## Problem description
Search the data below for the string "intro" and copy all lines where it shows up.

## Data excerpts
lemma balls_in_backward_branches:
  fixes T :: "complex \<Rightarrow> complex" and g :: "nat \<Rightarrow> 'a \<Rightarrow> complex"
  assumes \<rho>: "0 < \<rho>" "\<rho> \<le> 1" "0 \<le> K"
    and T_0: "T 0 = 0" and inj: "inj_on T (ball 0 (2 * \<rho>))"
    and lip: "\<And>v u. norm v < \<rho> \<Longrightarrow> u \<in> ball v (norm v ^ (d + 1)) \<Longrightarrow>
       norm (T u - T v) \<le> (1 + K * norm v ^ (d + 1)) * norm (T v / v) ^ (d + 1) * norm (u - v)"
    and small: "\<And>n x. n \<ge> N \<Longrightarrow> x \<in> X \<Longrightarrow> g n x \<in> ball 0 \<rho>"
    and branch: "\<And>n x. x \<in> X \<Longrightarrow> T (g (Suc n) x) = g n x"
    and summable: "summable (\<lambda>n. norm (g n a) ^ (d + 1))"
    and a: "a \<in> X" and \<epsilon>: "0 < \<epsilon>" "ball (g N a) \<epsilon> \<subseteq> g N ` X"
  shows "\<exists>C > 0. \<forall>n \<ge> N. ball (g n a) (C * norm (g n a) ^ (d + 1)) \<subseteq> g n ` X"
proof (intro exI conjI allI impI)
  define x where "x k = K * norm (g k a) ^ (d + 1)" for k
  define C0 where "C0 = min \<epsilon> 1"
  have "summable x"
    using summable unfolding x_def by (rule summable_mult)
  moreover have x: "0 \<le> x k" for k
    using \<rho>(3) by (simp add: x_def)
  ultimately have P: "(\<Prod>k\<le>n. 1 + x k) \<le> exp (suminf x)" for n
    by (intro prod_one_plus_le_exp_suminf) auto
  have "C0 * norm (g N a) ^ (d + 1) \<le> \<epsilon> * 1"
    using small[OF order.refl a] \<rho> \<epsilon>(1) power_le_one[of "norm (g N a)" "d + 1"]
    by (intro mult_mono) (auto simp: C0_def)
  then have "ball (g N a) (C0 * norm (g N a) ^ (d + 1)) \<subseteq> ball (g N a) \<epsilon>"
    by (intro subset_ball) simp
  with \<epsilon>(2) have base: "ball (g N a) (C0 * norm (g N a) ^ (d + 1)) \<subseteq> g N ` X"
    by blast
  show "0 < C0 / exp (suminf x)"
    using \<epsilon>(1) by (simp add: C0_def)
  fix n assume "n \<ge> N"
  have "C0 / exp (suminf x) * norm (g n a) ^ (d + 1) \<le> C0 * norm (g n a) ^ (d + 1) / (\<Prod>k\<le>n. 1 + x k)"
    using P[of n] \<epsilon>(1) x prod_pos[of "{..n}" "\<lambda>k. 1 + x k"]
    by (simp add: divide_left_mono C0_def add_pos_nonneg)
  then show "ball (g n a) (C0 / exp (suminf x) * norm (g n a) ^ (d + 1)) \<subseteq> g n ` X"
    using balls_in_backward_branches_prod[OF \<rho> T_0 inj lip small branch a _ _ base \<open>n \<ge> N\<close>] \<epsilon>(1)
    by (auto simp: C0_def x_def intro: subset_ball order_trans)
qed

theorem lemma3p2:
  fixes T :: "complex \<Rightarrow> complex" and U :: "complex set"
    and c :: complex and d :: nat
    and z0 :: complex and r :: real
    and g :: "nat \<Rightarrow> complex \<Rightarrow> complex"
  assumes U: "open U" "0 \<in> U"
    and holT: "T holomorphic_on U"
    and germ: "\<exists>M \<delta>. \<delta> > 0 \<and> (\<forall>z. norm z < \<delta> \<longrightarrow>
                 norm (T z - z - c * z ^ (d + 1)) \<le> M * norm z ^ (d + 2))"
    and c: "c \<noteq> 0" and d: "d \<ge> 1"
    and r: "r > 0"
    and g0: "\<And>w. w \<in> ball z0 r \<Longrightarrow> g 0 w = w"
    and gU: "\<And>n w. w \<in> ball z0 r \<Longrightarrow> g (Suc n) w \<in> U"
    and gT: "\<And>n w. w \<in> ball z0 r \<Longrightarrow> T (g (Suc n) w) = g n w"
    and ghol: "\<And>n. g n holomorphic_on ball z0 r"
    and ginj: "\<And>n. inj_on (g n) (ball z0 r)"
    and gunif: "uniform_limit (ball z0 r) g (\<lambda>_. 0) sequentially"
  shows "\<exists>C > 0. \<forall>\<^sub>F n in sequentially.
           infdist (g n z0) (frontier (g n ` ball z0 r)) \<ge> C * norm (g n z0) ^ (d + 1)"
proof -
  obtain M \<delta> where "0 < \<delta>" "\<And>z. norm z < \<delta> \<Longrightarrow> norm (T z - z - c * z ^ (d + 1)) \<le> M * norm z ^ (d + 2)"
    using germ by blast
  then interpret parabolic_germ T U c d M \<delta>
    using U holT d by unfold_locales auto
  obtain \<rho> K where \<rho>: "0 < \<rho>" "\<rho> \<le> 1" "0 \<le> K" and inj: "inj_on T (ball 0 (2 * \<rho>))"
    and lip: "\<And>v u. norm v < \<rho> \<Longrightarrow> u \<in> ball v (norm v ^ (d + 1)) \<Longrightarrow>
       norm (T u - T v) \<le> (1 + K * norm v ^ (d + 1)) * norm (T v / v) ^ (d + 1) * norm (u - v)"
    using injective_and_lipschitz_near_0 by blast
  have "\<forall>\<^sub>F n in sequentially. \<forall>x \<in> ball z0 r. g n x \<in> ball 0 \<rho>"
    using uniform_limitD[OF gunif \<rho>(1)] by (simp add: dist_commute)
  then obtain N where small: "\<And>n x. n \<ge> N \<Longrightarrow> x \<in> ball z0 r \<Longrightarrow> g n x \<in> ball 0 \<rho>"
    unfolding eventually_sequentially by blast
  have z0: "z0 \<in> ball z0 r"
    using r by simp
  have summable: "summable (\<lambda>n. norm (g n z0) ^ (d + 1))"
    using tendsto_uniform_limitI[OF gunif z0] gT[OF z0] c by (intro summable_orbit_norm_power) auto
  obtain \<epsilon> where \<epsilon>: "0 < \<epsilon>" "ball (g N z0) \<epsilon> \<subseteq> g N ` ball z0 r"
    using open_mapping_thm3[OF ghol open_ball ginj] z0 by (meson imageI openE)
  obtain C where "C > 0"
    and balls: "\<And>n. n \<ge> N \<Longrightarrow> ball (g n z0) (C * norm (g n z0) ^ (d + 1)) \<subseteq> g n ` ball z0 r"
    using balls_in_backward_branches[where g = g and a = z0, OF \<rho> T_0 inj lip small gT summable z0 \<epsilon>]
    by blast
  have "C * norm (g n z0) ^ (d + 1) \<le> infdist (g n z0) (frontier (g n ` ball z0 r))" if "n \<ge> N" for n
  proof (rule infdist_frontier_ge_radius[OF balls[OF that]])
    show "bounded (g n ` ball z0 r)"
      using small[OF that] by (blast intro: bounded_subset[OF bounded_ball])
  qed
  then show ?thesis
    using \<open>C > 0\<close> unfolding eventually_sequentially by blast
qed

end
==
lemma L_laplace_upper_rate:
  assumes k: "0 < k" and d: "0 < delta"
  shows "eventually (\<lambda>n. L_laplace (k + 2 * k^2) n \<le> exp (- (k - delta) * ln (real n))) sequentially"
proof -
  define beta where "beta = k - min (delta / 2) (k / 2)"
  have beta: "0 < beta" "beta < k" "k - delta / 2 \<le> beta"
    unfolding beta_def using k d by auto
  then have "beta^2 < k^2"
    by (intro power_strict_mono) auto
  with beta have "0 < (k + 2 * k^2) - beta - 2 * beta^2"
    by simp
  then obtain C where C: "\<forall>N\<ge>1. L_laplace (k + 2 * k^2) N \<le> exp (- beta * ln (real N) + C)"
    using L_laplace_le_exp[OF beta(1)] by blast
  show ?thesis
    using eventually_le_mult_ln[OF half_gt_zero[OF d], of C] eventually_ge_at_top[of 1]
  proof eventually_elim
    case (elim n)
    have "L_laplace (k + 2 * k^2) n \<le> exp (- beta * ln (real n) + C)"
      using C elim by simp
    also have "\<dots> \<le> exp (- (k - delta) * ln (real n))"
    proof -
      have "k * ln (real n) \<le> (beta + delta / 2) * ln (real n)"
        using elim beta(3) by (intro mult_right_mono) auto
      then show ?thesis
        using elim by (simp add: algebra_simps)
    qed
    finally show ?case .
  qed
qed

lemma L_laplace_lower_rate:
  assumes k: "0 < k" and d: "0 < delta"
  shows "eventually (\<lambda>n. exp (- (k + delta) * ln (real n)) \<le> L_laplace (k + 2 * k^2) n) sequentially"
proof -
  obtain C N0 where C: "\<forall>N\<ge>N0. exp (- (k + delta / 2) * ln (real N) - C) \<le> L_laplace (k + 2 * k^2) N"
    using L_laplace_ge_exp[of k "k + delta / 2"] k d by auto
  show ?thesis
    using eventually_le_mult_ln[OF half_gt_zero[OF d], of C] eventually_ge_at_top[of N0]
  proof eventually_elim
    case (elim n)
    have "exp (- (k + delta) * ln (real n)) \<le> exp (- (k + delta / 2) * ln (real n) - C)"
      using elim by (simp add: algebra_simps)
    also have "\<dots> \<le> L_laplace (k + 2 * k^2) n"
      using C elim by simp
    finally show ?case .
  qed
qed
--
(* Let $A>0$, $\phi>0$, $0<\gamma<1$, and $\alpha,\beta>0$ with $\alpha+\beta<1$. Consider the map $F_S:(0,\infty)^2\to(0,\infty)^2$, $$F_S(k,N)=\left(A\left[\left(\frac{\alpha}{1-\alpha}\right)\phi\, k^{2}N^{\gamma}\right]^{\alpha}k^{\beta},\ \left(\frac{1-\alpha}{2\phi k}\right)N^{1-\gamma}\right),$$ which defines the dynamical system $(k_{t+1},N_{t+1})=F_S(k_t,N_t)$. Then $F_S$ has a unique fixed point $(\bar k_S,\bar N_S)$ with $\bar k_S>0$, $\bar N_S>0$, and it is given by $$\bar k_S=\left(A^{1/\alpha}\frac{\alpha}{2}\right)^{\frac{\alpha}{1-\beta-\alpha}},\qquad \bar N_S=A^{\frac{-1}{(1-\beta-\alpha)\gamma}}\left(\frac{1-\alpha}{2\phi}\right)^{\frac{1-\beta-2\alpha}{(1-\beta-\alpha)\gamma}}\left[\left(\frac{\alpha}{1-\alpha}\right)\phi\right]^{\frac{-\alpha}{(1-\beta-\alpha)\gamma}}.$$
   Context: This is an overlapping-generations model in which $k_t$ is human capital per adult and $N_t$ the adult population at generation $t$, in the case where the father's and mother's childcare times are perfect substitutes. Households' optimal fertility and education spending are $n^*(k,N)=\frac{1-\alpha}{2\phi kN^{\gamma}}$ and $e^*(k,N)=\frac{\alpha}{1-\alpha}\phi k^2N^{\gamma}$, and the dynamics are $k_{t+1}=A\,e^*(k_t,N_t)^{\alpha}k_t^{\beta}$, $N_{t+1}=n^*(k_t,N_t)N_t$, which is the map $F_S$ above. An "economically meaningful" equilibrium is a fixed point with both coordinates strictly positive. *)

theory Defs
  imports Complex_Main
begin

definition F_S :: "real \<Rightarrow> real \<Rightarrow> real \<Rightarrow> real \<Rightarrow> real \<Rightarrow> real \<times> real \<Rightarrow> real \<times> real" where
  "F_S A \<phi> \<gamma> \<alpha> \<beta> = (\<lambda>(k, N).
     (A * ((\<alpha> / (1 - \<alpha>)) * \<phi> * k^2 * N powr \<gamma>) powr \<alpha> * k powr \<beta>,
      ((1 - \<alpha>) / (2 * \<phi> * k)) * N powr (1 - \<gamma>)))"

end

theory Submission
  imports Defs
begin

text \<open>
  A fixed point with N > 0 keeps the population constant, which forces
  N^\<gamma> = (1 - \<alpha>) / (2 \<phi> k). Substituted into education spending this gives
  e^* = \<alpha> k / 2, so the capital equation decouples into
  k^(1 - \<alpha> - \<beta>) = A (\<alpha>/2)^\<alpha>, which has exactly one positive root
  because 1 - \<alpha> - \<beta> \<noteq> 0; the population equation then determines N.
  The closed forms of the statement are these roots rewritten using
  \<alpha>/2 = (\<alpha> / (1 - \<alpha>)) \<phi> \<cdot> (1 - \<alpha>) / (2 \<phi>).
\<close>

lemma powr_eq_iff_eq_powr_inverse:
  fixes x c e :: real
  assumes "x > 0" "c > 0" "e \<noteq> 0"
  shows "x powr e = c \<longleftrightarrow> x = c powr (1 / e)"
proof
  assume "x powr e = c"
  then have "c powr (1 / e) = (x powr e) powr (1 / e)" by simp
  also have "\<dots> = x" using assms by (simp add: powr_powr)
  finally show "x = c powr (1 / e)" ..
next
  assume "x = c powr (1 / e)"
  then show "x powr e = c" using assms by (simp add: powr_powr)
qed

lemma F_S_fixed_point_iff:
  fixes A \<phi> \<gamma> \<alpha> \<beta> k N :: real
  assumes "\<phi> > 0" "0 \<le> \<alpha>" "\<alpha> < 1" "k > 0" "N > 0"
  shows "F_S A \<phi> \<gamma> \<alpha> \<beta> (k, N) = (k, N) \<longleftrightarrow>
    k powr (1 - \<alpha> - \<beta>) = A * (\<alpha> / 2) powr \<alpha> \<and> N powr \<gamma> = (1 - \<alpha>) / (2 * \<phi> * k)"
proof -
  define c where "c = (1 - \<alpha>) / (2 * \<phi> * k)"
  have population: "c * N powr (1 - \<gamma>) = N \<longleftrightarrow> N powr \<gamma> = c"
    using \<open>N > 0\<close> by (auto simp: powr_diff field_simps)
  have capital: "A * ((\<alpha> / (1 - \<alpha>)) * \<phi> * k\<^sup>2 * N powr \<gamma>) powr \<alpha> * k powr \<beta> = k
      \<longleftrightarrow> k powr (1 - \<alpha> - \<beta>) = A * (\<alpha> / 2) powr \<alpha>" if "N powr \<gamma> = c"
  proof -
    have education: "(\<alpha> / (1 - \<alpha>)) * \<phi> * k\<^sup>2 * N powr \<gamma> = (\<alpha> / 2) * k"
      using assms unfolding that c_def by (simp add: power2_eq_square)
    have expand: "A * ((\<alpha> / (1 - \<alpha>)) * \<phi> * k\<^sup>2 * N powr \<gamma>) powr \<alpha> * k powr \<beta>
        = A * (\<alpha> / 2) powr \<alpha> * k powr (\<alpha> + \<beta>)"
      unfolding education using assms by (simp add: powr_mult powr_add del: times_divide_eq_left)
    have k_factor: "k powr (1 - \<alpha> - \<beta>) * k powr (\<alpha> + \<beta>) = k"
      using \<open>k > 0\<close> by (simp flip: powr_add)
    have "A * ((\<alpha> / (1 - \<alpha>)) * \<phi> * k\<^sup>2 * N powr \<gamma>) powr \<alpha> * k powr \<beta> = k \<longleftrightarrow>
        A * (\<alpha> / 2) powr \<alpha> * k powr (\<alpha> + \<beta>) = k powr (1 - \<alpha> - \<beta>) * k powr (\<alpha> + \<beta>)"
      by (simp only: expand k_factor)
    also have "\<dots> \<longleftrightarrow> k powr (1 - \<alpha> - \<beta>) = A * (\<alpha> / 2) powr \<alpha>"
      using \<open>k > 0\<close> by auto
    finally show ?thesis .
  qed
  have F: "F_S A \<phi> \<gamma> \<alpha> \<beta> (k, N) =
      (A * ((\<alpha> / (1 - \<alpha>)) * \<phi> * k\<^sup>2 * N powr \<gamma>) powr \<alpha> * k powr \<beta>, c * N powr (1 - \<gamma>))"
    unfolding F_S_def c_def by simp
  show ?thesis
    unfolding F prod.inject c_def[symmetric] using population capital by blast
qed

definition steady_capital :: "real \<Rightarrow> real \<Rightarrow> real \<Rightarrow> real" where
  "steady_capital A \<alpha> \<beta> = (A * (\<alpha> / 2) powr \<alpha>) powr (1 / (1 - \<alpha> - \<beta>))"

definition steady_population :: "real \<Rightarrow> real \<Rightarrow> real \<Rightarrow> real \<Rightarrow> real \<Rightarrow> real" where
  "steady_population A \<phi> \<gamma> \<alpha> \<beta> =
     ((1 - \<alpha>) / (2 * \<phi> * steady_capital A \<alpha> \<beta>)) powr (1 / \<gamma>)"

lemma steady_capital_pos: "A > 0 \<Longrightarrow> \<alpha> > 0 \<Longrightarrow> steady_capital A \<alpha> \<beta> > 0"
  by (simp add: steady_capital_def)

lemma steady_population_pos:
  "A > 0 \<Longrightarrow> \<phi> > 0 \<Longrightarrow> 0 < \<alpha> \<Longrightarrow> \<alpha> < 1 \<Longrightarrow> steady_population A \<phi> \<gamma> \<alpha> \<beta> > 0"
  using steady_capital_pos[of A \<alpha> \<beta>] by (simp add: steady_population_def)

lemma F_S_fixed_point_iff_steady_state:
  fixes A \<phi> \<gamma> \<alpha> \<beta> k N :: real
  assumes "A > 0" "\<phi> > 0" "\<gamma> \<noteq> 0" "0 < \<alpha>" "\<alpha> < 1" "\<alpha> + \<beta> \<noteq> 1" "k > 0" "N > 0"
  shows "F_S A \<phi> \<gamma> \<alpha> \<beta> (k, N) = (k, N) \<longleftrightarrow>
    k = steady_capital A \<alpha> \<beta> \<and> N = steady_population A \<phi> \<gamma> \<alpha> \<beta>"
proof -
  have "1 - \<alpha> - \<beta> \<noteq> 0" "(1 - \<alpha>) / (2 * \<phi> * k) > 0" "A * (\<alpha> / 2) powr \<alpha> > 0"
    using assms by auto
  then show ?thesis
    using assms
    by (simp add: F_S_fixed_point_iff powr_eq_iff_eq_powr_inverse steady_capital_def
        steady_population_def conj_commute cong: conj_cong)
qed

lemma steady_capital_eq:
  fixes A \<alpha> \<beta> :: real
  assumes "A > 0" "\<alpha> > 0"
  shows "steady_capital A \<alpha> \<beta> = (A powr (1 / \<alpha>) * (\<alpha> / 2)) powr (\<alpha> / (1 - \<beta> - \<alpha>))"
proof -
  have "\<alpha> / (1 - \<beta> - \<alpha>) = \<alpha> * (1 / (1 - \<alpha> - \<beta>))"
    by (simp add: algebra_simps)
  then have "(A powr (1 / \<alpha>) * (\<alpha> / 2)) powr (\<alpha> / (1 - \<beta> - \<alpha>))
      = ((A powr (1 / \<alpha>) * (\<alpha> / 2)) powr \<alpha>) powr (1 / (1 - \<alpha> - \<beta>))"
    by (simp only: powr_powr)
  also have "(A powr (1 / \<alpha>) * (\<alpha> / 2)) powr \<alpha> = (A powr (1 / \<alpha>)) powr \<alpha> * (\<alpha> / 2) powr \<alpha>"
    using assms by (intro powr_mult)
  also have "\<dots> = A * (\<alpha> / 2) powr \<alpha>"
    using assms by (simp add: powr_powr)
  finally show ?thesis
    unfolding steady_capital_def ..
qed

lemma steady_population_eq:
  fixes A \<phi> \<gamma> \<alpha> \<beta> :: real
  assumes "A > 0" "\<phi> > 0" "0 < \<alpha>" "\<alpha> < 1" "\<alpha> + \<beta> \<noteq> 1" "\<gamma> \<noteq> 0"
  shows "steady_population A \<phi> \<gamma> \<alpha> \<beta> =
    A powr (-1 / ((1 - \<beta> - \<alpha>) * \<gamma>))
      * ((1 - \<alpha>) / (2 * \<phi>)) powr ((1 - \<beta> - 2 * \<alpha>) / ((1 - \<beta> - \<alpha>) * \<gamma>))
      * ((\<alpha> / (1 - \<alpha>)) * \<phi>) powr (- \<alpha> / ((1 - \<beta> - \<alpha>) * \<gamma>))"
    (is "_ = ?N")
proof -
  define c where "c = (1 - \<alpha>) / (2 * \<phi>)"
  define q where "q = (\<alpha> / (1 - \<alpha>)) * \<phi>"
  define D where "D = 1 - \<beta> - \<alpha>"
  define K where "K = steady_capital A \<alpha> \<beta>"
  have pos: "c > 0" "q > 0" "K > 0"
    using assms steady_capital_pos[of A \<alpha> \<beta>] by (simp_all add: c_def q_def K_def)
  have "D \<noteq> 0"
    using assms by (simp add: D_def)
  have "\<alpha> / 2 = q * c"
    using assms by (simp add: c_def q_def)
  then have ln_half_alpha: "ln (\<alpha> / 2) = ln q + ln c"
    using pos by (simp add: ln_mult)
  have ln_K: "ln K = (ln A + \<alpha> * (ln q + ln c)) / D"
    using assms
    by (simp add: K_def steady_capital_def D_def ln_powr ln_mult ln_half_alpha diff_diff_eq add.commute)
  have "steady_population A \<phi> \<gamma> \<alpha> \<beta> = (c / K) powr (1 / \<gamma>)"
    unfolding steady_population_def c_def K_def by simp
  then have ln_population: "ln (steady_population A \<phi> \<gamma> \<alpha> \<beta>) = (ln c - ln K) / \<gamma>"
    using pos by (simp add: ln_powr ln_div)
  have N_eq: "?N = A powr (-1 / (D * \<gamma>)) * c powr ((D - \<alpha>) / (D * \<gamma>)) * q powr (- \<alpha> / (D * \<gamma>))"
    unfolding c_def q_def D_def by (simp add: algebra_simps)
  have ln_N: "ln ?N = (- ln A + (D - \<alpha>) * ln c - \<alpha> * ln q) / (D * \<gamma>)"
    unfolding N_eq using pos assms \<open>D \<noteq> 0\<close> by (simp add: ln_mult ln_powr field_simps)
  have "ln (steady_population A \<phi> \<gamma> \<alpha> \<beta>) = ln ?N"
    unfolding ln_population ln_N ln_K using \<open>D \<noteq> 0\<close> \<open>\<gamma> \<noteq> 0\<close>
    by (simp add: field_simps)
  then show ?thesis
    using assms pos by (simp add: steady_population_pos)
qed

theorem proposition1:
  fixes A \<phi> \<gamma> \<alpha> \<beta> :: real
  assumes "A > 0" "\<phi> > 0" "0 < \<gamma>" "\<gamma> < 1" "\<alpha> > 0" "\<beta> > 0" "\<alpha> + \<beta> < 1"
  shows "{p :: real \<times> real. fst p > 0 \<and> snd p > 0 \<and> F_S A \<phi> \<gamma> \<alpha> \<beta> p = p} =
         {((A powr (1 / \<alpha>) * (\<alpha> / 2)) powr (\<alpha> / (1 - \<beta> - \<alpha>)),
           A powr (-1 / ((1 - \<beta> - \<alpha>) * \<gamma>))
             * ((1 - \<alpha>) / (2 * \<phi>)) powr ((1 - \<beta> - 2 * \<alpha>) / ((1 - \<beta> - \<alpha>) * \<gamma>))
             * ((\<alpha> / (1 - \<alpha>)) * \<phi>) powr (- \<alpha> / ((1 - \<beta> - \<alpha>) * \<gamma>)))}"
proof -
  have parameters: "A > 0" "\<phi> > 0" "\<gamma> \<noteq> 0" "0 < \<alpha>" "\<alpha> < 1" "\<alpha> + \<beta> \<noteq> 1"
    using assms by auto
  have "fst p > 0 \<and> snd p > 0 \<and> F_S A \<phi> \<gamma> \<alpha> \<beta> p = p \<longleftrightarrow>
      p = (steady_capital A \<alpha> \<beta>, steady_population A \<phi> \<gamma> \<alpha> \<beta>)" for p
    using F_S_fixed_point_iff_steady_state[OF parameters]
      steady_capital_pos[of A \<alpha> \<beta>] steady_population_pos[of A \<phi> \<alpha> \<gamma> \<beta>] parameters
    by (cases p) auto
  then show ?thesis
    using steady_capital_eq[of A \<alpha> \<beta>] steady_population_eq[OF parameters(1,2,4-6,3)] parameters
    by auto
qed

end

## Expected answer
proof (intro exI conjI allI impI)
    by (intro prod_one_plus_le_exp_suminf) auto
    by (intro mult_mono) (auto simp: C0_def)
    by (intro subset_ball) simp
    by (auto simp: C0_def x_def intro: subset_ball order_trans)
    using tendsto_uniform_limitI[OF gunif z0] gT[OF z0] c by (intro summable_orbit_norm_power) auto
      using small[OF that] by (blast intro: bounded_subset[OF bounded_ball])
    by (intro power_strict_mono) auto
        using elim beta(3) by (intro mult_right_mono) auto
    using assms by (intro powr_mult)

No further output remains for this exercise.